## [EXERCISE]
In the listing that follows, the lines starting at the one containing "G \<longleftrightarrow> (\<forall>Y." and ending at the one containing "Y \<longrightarrow> Y \<in> U) \<and>" are to be returned exactly, both boundary lines included, and no others.
++++ INPUT RECORDS ++++
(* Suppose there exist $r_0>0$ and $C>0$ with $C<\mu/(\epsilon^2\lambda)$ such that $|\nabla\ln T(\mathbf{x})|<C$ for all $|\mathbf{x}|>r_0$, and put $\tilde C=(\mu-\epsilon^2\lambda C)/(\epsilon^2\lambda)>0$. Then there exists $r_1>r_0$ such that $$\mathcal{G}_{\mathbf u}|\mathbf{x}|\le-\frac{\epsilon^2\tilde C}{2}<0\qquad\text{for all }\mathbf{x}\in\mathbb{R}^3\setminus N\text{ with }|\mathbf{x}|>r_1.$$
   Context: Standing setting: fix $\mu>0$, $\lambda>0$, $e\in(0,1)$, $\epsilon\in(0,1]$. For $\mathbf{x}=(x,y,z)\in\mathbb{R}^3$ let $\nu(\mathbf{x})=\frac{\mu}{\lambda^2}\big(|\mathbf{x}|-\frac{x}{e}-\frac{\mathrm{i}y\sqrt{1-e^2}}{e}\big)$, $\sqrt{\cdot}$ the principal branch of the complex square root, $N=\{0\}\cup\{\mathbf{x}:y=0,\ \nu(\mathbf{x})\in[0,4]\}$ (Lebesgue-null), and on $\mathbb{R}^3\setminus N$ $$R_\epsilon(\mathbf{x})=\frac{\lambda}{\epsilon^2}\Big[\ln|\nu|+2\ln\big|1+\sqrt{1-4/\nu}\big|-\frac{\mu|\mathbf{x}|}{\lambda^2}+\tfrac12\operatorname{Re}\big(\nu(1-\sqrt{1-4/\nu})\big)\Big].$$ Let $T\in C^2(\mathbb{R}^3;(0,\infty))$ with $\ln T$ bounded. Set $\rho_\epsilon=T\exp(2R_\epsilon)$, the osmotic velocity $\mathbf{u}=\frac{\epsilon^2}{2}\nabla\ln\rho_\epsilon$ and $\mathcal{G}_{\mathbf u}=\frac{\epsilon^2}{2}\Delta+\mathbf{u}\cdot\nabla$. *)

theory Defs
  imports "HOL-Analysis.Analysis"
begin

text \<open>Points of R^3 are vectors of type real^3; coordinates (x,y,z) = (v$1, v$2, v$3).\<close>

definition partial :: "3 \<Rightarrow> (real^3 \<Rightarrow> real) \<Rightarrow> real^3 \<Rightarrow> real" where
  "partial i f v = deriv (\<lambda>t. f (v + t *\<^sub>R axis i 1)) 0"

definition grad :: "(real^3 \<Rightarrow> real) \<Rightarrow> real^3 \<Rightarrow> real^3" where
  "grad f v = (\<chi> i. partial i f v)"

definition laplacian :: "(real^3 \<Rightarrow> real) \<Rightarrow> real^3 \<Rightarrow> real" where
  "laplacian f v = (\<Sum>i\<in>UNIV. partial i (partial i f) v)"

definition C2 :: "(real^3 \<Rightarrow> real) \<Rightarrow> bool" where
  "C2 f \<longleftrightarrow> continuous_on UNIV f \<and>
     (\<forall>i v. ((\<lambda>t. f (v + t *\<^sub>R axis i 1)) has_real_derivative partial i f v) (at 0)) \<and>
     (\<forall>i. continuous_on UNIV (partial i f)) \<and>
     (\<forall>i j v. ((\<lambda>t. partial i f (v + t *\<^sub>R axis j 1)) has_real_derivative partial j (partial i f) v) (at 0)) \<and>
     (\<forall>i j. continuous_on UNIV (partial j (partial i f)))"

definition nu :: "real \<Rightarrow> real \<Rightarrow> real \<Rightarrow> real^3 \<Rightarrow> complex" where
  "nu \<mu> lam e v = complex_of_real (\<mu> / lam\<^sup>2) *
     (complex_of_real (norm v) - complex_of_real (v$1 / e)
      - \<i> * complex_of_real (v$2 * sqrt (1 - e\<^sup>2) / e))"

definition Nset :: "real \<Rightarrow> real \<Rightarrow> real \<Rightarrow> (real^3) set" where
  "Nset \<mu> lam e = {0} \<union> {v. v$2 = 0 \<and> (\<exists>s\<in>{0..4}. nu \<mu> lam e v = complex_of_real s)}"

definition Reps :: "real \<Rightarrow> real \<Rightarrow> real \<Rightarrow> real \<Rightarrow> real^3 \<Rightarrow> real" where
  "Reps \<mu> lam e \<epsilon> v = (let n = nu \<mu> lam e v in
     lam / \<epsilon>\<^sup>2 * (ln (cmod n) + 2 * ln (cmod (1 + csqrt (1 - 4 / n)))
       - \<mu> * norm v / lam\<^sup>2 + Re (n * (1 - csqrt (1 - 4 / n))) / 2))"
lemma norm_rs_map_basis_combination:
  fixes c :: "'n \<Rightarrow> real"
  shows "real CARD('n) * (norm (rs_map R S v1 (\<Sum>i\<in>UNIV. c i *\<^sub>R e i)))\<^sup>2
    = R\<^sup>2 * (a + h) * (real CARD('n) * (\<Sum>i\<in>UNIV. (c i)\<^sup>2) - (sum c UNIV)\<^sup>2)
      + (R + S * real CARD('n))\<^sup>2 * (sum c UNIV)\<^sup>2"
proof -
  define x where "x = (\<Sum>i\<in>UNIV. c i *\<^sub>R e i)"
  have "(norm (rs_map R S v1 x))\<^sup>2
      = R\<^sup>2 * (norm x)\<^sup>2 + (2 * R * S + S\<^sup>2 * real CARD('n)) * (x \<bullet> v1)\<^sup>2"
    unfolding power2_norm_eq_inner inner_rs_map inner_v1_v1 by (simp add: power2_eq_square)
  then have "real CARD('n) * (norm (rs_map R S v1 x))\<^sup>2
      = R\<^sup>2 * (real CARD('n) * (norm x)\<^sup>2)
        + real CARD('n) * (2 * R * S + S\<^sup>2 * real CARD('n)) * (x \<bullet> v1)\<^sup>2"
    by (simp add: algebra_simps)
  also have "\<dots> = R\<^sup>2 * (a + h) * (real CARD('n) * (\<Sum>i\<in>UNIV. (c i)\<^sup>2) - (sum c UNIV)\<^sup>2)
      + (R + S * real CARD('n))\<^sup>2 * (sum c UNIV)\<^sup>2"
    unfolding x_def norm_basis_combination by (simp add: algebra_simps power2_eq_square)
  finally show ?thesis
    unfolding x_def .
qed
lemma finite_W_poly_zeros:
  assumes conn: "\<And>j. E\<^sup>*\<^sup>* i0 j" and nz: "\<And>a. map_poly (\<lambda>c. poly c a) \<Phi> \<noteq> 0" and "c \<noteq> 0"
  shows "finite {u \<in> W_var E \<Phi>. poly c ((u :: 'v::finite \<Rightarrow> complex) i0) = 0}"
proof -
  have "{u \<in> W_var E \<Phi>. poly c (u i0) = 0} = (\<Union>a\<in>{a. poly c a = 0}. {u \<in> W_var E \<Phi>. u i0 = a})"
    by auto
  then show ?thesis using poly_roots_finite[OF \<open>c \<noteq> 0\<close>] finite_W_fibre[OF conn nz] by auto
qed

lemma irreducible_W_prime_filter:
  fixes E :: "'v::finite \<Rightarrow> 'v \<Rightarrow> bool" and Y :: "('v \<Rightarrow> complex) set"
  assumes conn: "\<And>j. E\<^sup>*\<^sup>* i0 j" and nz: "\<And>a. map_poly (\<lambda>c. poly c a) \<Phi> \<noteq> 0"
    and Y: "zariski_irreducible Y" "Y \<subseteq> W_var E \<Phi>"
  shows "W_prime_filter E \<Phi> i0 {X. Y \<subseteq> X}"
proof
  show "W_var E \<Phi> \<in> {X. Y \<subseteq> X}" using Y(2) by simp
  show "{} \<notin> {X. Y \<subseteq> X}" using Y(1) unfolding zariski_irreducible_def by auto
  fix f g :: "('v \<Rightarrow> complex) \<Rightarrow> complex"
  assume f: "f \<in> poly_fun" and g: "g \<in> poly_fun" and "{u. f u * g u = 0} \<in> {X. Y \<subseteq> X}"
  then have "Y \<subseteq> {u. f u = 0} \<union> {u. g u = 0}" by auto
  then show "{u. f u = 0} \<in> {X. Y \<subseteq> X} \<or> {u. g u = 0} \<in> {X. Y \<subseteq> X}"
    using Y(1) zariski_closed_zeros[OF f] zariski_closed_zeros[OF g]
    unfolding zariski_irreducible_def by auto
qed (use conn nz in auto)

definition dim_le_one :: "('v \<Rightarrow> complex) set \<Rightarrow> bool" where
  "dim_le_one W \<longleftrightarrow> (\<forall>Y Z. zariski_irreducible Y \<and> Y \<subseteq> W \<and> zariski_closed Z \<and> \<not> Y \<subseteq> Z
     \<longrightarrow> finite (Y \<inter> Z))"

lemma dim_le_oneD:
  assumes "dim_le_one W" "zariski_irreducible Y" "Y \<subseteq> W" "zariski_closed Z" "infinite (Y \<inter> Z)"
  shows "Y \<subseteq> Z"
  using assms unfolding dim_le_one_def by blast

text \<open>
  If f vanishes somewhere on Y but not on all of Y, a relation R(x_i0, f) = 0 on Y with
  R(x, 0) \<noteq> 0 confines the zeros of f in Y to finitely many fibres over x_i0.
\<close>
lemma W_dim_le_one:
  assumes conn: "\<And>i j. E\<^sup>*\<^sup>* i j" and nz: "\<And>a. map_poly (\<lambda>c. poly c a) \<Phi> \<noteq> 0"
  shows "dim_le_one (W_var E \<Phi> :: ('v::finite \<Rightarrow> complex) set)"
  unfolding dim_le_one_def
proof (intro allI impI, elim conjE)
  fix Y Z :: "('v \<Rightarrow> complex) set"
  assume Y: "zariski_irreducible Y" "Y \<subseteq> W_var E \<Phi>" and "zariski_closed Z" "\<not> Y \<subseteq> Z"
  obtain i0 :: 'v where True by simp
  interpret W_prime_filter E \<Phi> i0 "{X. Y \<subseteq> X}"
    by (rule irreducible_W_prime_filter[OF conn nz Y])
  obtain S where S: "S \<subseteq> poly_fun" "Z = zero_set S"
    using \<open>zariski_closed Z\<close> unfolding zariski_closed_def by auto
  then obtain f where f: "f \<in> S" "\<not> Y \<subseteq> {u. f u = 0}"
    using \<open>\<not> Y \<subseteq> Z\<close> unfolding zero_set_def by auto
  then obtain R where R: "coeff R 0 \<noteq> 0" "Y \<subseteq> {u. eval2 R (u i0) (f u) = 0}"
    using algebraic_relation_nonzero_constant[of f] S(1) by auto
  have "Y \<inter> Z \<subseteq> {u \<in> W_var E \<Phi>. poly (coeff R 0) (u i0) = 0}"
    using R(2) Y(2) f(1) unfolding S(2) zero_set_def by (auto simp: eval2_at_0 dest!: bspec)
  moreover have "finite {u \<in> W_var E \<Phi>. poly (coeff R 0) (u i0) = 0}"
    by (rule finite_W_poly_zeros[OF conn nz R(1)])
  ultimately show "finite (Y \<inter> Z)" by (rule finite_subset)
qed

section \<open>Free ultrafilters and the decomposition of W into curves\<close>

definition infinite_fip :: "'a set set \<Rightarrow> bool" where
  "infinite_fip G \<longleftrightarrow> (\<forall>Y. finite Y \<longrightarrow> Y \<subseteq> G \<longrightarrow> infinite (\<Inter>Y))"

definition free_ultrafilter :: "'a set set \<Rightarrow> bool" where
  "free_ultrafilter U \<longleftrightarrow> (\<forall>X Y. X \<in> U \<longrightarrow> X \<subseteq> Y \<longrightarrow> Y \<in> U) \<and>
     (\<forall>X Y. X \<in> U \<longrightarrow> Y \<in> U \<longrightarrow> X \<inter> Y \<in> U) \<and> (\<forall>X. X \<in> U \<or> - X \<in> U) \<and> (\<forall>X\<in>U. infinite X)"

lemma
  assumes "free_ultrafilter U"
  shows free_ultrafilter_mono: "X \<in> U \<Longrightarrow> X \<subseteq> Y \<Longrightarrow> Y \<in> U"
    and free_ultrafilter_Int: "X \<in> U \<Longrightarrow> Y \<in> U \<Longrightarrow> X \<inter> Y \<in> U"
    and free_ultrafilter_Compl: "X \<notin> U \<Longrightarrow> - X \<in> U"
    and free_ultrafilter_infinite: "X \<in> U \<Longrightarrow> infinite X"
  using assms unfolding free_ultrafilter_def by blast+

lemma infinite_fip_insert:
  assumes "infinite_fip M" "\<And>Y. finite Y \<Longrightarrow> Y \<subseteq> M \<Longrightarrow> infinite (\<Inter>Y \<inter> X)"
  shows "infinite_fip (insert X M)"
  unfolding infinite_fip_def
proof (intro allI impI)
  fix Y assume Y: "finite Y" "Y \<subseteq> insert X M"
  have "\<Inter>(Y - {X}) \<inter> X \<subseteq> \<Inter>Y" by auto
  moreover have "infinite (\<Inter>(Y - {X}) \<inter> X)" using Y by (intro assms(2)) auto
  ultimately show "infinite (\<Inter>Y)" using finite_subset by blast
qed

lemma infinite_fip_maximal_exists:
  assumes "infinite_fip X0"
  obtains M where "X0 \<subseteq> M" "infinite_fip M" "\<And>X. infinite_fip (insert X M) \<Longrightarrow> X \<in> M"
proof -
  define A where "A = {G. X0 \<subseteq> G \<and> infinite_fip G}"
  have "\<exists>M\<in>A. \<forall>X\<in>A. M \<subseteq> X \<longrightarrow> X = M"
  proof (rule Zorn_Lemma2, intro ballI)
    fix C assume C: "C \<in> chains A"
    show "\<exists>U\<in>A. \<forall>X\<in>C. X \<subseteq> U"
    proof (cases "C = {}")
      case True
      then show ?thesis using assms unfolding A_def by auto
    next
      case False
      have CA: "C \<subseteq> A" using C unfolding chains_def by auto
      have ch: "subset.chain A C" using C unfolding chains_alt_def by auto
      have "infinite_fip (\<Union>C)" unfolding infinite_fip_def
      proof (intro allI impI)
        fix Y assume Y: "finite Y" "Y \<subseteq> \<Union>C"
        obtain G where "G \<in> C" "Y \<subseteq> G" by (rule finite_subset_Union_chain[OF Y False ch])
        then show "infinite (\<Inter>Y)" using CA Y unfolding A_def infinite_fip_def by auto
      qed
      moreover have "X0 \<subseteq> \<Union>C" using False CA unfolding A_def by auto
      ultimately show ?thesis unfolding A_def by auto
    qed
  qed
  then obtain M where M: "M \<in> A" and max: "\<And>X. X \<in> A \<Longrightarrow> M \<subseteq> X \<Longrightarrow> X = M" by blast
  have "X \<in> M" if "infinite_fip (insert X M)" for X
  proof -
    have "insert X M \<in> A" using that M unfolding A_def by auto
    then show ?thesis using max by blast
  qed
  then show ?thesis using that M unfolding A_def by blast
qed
++++
## [ANSWER AREA]
  "infinite_fip G \<longleftrightarrow> (\<forall>Y. finite Y \<longrightarrow> Y \<subseteq> G \<longrightarrow> infinite (\<Inter>Y))"

definition free_ultrafilter :: "'a set set \<Rightarrow> bool" where
  "free_ultrafilter U \<longleftrightarrow> (\<forall>X Y. X \<in> U \<longrightarrow> X \<subseteq> Y \<longrightarrow> Y \<in> U) \<and>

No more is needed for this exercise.